Dataset entries
----

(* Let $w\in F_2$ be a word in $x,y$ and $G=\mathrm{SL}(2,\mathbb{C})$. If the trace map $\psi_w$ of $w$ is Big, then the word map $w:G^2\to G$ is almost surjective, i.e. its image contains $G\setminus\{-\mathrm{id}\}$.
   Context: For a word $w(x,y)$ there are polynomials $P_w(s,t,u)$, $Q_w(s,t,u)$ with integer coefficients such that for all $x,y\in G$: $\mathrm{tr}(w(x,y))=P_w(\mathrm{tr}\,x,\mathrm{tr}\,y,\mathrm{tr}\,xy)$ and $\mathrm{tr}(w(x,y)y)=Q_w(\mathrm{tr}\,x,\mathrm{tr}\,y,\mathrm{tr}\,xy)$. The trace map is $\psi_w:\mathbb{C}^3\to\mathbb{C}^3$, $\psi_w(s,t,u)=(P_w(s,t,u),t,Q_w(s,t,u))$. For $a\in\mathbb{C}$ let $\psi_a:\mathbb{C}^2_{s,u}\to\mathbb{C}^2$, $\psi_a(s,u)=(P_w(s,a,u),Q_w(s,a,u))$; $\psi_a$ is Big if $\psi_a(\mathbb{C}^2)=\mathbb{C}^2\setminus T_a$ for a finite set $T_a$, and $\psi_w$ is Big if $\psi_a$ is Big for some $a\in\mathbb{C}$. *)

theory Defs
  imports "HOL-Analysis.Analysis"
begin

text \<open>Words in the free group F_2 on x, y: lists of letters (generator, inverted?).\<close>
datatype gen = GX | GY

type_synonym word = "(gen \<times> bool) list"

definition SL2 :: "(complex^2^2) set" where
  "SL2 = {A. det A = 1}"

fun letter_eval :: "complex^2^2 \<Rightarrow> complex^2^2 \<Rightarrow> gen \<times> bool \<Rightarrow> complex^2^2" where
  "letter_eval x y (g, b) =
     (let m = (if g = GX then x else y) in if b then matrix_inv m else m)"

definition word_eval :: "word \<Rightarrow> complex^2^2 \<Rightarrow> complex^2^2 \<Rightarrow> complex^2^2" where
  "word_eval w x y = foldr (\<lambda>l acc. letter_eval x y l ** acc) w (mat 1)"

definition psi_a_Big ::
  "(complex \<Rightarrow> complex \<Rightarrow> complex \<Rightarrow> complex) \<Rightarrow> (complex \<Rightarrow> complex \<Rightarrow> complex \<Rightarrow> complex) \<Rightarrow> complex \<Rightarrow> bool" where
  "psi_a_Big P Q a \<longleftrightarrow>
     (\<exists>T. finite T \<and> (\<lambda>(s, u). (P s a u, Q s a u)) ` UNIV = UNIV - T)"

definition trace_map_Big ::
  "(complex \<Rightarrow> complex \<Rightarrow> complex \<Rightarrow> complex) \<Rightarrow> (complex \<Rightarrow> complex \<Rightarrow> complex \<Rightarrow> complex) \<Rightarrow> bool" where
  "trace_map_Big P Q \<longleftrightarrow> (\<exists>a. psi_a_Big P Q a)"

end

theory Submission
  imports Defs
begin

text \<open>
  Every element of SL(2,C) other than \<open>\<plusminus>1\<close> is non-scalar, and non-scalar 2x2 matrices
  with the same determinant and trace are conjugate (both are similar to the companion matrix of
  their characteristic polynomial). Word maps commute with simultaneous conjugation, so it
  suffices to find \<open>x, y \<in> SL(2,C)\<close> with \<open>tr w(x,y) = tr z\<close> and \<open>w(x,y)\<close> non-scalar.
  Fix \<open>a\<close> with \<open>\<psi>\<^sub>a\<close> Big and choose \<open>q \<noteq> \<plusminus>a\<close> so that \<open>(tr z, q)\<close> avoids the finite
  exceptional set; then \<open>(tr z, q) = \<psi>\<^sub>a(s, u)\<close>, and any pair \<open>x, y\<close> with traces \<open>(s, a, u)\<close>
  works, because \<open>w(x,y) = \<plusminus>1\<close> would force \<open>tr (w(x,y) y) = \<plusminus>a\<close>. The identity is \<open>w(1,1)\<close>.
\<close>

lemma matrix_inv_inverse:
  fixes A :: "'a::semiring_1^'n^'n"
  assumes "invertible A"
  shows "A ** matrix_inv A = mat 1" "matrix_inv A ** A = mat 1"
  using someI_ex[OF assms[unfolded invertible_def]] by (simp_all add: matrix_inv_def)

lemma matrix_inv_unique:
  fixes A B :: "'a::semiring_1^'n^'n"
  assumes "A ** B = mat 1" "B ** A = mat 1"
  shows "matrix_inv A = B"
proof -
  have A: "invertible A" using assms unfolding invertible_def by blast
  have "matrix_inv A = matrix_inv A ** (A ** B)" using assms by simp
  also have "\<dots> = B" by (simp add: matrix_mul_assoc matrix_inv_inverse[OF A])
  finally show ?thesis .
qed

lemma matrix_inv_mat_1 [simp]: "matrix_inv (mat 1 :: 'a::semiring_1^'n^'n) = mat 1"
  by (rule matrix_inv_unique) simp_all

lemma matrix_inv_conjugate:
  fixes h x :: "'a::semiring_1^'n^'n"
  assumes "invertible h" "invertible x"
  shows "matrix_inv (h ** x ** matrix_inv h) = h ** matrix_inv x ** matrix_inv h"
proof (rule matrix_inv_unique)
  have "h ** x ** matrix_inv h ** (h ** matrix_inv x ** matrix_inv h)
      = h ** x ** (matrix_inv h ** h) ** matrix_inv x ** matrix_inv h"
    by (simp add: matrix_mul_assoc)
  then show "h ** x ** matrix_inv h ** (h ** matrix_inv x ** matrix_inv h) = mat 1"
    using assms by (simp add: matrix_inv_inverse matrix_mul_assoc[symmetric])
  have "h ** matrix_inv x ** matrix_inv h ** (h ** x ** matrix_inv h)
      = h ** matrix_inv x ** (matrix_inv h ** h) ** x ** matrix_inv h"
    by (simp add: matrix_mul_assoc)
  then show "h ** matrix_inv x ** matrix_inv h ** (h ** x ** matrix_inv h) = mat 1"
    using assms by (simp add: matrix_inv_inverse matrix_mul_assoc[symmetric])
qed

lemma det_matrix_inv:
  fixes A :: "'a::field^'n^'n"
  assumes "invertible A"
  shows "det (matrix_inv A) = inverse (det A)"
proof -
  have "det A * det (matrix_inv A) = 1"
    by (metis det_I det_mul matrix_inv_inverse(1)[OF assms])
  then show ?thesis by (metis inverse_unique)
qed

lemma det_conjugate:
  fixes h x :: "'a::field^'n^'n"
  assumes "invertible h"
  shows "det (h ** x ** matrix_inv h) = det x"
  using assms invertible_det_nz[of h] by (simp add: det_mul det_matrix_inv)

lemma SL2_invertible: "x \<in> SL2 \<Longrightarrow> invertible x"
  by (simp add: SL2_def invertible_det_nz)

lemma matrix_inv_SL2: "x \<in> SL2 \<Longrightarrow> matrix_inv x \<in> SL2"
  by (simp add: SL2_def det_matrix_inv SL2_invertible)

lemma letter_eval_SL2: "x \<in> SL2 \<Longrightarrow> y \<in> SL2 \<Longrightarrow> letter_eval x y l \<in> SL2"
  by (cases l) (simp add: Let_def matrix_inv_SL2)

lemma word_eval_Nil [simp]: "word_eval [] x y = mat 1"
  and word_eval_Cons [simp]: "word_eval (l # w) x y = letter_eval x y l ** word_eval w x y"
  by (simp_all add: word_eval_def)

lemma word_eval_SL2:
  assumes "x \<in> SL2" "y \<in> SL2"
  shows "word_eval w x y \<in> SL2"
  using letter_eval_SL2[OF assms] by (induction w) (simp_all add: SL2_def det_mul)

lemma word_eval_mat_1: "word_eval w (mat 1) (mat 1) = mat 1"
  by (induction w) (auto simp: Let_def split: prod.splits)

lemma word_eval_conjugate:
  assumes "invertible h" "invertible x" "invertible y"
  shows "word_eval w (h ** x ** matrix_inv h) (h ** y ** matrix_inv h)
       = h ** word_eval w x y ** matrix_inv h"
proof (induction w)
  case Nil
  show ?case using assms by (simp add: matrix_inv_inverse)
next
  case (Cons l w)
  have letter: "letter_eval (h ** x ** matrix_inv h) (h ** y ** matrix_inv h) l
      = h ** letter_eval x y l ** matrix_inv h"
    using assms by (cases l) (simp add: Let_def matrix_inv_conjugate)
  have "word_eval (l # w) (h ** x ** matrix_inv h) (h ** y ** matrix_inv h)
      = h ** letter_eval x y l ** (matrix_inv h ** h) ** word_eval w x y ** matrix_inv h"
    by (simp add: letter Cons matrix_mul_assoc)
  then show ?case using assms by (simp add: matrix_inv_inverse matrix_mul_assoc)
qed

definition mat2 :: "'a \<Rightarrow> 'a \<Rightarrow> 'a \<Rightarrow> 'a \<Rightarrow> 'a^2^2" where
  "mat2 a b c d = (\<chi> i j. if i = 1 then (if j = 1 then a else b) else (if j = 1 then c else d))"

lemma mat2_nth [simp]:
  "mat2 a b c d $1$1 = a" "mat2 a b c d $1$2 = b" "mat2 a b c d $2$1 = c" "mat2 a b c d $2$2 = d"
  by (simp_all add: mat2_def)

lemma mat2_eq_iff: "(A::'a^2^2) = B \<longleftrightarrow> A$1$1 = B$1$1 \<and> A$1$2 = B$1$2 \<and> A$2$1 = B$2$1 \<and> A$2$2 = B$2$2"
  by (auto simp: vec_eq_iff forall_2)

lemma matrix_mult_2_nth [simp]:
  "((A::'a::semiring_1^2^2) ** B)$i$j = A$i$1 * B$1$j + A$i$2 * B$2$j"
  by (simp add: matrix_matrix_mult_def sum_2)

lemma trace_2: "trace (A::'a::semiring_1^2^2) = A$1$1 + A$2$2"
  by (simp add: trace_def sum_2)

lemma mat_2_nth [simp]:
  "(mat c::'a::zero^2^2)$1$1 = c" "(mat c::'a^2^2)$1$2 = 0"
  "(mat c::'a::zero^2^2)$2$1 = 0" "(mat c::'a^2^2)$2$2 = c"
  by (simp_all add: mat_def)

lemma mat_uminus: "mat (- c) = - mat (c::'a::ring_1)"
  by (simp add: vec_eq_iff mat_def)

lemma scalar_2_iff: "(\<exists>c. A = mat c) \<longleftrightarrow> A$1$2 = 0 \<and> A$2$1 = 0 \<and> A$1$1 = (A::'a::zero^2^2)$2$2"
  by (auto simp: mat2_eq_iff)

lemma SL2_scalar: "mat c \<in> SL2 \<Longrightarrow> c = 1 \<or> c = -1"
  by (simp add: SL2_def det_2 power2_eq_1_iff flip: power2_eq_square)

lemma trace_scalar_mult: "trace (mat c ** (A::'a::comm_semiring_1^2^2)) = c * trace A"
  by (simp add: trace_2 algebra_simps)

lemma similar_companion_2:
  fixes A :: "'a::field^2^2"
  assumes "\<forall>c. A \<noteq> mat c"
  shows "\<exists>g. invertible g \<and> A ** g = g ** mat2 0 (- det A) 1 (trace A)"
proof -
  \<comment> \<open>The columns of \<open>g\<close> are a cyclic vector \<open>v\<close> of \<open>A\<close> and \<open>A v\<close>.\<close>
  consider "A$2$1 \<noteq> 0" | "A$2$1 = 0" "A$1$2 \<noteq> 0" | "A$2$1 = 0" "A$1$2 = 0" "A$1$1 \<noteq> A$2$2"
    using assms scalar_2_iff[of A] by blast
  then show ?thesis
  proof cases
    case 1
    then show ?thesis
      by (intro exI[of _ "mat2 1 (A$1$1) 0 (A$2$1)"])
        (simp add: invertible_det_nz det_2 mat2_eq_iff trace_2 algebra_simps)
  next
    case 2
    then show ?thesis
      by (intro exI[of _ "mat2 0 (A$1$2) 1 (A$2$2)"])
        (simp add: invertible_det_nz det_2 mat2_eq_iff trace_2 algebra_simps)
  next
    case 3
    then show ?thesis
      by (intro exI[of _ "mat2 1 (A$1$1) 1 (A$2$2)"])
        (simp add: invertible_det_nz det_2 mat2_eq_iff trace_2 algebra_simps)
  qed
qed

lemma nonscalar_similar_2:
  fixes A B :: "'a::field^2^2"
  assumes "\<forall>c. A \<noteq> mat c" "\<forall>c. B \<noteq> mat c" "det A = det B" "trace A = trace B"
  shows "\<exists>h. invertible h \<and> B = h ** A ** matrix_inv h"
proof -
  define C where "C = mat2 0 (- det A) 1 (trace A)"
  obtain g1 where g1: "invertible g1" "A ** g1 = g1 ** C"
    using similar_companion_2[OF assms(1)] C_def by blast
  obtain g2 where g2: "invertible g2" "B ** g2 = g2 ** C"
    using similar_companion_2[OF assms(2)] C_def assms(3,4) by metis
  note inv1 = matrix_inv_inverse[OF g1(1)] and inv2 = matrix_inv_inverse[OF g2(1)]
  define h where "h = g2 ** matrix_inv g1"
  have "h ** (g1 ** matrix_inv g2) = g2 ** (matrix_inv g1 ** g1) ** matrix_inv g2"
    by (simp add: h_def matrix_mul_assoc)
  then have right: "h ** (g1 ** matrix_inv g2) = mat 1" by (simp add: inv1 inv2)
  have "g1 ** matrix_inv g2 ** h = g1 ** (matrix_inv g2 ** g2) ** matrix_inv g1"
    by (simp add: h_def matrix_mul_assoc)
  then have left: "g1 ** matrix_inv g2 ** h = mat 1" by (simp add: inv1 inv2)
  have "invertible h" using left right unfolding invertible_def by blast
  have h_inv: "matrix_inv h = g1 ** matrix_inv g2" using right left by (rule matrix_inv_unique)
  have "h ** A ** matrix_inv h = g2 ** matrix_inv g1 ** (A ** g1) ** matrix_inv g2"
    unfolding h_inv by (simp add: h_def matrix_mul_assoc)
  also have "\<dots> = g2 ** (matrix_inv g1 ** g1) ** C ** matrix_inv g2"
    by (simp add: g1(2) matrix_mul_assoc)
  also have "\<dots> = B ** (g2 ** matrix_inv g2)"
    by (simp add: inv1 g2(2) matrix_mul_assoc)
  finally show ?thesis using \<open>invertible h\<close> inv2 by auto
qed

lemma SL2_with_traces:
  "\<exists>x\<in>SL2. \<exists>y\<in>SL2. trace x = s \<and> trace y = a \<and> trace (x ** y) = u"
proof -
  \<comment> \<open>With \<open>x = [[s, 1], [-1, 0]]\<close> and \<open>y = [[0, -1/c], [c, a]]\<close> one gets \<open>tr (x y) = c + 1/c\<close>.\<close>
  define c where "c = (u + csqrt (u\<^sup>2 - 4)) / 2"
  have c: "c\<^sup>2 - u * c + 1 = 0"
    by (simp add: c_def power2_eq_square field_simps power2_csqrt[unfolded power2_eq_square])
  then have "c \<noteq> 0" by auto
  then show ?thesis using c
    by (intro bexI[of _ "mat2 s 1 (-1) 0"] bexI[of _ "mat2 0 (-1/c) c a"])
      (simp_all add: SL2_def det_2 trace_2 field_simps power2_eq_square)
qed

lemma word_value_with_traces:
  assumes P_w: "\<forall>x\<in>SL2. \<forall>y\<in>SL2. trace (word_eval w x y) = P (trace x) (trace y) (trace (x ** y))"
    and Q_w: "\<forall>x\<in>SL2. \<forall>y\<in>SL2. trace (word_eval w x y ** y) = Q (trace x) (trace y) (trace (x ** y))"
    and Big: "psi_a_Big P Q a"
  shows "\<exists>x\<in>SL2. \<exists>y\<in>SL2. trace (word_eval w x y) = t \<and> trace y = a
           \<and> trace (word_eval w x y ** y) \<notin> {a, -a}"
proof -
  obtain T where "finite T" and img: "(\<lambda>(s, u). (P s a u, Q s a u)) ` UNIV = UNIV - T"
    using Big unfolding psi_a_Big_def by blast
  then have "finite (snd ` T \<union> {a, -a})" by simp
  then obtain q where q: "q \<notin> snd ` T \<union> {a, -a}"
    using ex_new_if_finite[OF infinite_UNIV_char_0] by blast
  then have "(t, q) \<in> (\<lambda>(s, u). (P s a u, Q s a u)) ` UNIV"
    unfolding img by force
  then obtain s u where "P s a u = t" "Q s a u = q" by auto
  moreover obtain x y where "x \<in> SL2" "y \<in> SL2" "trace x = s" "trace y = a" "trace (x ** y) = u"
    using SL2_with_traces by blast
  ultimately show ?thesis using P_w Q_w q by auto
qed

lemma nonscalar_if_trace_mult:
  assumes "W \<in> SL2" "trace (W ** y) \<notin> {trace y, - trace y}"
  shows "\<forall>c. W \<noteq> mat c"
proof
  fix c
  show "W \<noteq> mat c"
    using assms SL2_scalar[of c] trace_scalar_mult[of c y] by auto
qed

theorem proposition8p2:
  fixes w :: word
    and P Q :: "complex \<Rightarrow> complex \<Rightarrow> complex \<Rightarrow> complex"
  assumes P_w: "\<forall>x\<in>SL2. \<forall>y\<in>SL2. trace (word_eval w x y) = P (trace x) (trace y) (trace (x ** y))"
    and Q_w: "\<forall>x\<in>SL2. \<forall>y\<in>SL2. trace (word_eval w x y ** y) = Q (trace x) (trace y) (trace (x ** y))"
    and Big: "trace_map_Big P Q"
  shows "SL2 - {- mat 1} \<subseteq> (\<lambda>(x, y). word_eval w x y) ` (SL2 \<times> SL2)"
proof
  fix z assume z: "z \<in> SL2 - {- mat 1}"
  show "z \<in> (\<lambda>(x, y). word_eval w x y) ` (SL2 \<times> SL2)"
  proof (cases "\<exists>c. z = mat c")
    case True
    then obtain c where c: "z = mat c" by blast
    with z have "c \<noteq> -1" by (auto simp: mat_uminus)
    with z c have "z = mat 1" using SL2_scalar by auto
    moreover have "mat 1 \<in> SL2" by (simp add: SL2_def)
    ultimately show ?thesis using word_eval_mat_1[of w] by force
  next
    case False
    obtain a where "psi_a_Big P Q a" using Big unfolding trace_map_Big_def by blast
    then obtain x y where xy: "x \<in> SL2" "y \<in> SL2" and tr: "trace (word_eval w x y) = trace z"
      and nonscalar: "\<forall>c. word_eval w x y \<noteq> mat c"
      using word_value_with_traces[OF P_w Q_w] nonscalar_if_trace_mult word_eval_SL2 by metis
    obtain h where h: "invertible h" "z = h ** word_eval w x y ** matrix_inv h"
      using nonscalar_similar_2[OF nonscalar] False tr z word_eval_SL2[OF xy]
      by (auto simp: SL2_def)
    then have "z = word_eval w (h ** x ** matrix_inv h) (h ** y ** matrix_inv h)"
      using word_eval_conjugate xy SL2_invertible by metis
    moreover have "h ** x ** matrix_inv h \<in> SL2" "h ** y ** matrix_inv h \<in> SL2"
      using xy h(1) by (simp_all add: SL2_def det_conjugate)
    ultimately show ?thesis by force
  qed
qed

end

----

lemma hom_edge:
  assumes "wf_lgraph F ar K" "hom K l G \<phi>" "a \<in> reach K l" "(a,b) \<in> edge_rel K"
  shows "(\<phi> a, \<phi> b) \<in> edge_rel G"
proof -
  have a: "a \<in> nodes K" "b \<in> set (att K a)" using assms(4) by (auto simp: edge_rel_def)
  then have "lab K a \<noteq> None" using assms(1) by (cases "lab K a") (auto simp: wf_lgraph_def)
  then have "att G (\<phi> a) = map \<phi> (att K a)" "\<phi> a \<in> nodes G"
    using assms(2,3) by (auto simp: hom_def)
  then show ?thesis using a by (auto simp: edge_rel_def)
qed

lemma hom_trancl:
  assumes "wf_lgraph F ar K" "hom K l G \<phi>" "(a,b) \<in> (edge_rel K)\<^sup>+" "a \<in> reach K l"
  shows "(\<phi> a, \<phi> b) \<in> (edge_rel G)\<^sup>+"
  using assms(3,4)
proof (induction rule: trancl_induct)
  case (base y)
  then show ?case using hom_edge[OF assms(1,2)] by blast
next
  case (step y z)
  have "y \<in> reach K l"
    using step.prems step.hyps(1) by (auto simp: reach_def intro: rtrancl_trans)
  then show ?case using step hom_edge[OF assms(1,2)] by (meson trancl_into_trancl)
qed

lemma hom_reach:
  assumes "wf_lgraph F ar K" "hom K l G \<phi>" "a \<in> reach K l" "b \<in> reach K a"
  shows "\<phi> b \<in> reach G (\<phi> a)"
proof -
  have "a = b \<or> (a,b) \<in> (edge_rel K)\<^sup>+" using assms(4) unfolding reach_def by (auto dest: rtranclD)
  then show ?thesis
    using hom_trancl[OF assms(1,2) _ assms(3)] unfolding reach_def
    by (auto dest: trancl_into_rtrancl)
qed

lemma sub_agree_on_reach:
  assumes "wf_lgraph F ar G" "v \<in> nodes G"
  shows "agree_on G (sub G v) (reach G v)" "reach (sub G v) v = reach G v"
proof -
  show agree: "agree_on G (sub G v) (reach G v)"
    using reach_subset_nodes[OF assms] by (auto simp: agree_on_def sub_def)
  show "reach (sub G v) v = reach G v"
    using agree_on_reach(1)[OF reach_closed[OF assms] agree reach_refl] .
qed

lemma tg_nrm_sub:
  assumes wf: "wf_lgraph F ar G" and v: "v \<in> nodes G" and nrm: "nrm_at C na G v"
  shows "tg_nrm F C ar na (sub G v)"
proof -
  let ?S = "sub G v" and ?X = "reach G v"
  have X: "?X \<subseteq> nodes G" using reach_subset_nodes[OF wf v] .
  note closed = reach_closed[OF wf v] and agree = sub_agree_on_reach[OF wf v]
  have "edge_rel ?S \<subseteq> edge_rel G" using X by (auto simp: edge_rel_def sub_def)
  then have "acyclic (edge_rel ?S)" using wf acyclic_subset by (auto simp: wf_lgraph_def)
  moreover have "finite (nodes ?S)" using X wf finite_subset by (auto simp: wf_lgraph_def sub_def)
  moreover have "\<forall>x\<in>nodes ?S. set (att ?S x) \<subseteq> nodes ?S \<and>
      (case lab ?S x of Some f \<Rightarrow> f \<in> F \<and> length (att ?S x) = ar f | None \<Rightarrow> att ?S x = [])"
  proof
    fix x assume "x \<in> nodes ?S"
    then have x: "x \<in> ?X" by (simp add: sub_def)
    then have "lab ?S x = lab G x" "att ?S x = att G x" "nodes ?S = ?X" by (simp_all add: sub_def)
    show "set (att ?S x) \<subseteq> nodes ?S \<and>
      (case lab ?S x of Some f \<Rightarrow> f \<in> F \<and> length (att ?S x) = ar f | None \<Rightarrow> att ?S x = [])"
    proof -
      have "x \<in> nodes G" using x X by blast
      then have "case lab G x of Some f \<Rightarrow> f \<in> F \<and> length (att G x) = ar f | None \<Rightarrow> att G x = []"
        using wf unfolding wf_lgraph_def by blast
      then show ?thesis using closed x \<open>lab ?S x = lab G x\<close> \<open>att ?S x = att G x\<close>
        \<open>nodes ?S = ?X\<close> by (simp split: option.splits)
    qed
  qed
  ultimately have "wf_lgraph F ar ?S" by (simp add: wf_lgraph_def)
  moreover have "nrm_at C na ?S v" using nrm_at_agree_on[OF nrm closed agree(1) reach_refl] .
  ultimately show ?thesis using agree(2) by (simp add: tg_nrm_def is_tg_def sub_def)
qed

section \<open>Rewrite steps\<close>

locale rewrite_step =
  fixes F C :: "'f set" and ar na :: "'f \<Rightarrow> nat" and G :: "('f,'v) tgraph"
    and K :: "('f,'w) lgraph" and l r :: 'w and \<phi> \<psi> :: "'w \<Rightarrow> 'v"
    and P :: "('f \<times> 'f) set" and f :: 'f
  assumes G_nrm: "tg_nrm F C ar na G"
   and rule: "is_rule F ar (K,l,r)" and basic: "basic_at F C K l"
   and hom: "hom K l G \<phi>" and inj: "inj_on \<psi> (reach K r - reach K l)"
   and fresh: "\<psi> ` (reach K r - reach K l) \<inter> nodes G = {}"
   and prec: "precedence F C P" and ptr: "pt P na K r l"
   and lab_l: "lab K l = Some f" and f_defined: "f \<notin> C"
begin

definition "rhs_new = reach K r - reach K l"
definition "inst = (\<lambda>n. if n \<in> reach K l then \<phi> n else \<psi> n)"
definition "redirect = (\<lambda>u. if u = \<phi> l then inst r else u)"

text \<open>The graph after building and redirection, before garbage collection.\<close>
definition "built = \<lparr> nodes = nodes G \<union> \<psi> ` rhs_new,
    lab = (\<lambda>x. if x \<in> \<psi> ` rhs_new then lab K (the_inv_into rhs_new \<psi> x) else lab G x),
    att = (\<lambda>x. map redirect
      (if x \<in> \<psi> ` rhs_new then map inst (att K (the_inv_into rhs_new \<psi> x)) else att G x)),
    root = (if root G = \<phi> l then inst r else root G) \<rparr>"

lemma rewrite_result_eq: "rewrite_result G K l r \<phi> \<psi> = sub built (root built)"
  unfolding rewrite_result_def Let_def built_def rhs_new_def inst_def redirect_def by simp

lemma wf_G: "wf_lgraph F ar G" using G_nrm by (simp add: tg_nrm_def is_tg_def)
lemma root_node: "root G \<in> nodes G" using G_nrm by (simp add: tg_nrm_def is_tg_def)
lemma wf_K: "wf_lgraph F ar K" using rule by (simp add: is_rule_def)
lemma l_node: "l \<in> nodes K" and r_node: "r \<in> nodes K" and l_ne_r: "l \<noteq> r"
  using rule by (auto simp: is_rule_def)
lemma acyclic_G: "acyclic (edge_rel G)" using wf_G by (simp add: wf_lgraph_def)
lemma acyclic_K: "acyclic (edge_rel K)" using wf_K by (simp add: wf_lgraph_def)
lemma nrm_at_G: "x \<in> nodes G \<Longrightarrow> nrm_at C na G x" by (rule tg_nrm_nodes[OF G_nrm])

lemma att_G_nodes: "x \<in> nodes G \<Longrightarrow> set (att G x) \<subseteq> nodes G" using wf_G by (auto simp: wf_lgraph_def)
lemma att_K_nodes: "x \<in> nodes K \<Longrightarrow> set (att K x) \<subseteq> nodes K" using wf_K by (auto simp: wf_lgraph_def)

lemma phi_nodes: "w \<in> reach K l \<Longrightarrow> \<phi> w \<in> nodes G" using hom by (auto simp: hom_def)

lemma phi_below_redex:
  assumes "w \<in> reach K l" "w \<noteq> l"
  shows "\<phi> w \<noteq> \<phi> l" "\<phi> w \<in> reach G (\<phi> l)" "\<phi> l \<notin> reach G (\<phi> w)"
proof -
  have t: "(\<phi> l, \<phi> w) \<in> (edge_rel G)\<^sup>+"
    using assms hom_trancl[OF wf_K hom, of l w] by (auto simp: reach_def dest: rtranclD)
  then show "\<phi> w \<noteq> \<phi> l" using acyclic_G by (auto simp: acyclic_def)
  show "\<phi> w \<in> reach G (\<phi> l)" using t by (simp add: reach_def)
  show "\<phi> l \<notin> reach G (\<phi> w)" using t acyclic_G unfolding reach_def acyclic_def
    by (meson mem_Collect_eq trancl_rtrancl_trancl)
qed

----

=== Work instruction ===
Copy range, inclusive: the line holding "by (simp_all add: mat_def)" to the line holding "c \<in> SL2". Reproduce exactly those lines of the records above and no others.

=== Exercise solution ===
  by (simp_all add: mat_def)

lemma mat_uminus: "mat (- c) = - mat (c::'a::ring_1)"
  by (simp add: vec_eq_iff mat_def)

lemma scalar_2_iff: "(\<exists>c. A = mat c) \<longleftrightarrow> A$1$2 = 0 \<and> A$2$1 = 0 \<and> A$1$1 = (A::'a::zero^2^2)$2$2"
  by (auto simp: mat2_eq_iff)

lemma SL2_scalar: "mat c \<in> SL2 \<Longrightarrow> c = 1 \<or> c = -1"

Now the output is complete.